MATERIAL PROVIDED START

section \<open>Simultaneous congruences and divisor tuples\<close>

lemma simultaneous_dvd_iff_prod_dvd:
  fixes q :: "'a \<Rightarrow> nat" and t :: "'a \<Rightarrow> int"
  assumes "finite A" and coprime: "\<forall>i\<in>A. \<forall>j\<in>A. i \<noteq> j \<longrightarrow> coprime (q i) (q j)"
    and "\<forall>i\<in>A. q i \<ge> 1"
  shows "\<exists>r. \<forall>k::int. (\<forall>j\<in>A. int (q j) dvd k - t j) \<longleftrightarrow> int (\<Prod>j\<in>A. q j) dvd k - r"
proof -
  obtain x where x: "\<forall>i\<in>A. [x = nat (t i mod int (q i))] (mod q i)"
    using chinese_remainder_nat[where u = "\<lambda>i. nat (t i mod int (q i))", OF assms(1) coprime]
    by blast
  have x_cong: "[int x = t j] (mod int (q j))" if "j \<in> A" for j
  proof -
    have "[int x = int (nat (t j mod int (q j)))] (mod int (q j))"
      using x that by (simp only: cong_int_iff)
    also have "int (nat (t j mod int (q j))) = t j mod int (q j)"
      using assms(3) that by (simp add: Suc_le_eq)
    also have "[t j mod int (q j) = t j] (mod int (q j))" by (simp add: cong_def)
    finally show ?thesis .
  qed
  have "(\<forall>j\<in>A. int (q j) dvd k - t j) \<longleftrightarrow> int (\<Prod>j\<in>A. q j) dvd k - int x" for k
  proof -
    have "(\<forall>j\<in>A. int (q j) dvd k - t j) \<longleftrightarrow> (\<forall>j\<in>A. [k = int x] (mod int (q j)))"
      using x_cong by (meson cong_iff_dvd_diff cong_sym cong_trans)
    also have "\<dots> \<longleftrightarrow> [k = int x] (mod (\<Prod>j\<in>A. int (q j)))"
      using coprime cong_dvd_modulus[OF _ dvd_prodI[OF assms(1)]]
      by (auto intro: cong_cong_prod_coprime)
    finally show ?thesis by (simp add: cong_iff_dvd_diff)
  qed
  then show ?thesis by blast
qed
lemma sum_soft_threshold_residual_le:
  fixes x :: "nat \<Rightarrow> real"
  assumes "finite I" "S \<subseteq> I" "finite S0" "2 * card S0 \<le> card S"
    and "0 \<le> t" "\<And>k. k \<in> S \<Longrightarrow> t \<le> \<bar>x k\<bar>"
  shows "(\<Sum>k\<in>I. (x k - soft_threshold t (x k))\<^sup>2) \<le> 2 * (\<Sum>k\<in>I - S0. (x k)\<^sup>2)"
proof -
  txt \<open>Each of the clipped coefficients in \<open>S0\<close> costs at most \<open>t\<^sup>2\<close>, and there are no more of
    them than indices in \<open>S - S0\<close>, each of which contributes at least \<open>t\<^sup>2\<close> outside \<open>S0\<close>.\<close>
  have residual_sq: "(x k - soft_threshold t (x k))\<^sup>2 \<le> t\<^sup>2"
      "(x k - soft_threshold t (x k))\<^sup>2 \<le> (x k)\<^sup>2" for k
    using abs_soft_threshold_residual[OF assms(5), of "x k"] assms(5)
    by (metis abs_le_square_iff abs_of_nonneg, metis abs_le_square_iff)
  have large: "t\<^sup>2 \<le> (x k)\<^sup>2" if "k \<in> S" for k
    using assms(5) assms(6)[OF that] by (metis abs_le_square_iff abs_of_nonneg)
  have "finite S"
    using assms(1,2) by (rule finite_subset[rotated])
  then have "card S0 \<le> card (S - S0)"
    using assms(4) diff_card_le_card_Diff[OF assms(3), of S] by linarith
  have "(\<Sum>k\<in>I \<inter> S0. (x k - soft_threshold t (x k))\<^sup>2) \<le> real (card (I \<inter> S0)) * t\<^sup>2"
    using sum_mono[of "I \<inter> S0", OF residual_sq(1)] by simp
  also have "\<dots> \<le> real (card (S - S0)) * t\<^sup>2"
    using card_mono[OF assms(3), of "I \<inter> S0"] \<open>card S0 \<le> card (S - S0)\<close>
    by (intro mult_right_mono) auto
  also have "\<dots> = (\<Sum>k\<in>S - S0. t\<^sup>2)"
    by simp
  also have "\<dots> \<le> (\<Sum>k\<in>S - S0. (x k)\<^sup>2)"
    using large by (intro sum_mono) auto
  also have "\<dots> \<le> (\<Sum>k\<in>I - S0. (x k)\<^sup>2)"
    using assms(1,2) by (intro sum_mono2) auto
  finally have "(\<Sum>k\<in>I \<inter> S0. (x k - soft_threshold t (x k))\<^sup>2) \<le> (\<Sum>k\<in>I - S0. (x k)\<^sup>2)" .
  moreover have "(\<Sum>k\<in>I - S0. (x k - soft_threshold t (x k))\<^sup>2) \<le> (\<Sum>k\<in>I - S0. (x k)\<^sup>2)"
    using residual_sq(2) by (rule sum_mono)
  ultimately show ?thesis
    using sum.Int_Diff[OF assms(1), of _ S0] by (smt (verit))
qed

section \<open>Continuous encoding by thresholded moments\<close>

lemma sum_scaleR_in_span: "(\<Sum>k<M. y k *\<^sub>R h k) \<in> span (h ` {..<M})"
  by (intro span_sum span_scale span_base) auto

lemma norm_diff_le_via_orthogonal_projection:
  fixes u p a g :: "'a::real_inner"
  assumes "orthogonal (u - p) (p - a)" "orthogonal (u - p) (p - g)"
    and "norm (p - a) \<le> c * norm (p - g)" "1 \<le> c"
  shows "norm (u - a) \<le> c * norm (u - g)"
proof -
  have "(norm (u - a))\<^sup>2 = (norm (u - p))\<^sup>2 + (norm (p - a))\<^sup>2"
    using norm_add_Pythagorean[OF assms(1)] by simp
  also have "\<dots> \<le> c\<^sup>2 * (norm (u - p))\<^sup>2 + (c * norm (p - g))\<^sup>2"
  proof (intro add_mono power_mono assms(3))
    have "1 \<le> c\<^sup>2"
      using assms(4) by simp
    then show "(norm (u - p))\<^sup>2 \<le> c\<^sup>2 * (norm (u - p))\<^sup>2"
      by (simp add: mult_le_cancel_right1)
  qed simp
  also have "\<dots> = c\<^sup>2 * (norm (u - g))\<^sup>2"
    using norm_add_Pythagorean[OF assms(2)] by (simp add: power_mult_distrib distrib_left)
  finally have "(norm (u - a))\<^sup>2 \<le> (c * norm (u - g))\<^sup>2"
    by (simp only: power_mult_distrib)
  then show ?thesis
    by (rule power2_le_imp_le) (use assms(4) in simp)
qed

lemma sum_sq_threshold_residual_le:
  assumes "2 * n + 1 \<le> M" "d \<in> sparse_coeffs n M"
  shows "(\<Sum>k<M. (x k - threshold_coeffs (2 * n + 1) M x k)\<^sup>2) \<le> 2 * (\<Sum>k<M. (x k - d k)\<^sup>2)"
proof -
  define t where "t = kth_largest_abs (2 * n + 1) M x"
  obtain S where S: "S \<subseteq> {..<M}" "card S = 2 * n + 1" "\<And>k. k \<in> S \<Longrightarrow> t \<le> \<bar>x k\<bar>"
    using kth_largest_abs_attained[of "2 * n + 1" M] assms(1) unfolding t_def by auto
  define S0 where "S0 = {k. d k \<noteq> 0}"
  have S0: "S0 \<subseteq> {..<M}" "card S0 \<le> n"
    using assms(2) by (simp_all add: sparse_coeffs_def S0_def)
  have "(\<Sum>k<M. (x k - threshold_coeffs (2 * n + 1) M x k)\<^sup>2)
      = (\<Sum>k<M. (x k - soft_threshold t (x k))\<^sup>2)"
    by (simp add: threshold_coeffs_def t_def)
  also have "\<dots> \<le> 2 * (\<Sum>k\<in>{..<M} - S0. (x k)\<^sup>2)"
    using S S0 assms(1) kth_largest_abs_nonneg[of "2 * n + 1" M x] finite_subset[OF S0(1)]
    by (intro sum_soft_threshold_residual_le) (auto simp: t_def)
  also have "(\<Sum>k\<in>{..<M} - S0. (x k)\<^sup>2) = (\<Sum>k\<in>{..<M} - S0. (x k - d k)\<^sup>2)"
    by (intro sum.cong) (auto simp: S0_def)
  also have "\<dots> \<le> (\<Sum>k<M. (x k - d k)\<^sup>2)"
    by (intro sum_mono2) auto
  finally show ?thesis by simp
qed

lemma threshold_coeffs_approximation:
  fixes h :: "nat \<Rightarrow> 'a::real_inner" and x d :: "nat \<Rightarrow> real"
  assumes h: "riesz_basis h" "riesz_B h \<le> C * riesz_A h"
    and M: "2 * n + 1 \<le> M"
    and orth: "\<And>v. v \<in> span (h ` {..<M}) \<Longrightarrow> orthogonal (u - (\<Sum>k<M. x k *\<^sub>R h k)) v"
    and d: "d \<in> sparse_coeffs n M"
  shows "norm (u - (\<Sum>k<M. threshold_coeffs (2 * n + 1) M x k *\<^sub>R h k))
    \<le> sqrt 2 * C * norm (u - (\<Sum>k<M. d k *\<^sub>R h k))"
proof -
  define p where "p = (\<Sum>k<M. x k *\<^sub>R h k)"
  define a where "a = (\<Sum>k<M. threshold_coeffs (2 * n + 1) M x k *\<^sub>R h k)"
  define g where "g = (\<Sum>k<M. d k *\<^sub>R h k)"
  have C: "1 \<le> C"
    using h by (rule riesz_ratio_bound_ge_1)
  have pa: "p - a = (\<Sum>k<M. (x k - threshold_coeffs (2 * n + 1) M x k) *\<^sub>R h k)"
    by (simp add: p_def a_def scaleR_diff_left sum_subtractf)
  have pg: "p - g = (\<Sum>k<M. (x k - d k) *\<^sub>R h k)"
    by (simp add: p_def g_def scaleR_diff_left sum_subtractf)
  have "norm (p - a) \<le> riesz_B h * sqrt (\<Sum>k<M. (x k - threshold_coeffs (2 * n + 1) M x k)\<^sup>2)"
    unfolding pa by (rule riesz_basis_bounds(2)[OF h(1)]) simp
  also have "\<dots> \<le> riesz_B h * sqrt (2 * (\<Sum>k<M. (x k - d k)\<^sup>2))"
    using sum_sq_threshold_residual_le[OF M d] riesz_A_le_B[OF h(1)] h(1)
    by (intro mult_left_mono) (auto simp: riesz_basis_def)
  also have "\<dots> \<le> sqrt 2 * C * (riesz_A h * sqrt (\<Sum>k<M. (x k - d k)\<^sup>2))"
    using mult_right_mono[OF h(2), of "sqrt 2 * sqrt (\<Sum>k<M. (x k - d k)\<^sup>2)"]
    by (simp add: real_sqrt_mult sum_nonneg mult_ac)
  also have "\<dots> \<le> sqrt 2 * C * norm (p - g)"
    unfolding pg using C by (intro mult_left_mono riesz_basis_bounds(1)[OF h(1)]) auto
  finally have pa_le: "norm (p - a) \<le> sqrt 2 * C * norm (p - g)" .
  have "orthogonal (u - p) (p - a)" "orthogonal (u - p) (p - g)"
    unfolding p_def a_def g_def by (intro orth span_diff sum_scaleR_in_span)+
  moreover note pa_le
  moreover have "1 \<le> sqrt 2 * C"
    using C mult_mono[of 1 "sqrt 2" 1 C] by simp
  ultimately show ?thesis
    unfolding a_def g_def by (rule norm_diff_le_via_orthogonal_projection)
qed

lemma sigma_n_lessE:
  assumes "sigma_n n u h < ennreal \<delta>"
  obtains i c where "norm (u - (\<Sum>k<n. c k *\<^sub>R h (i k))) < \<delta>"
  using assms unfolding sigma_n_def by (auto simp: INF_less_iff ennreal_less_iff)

MATERIAL PROVIDED END

TASK TO CARRY OUT: For every line above that holds the string "dots", add one to a count; give that count alone.

REPLY: 12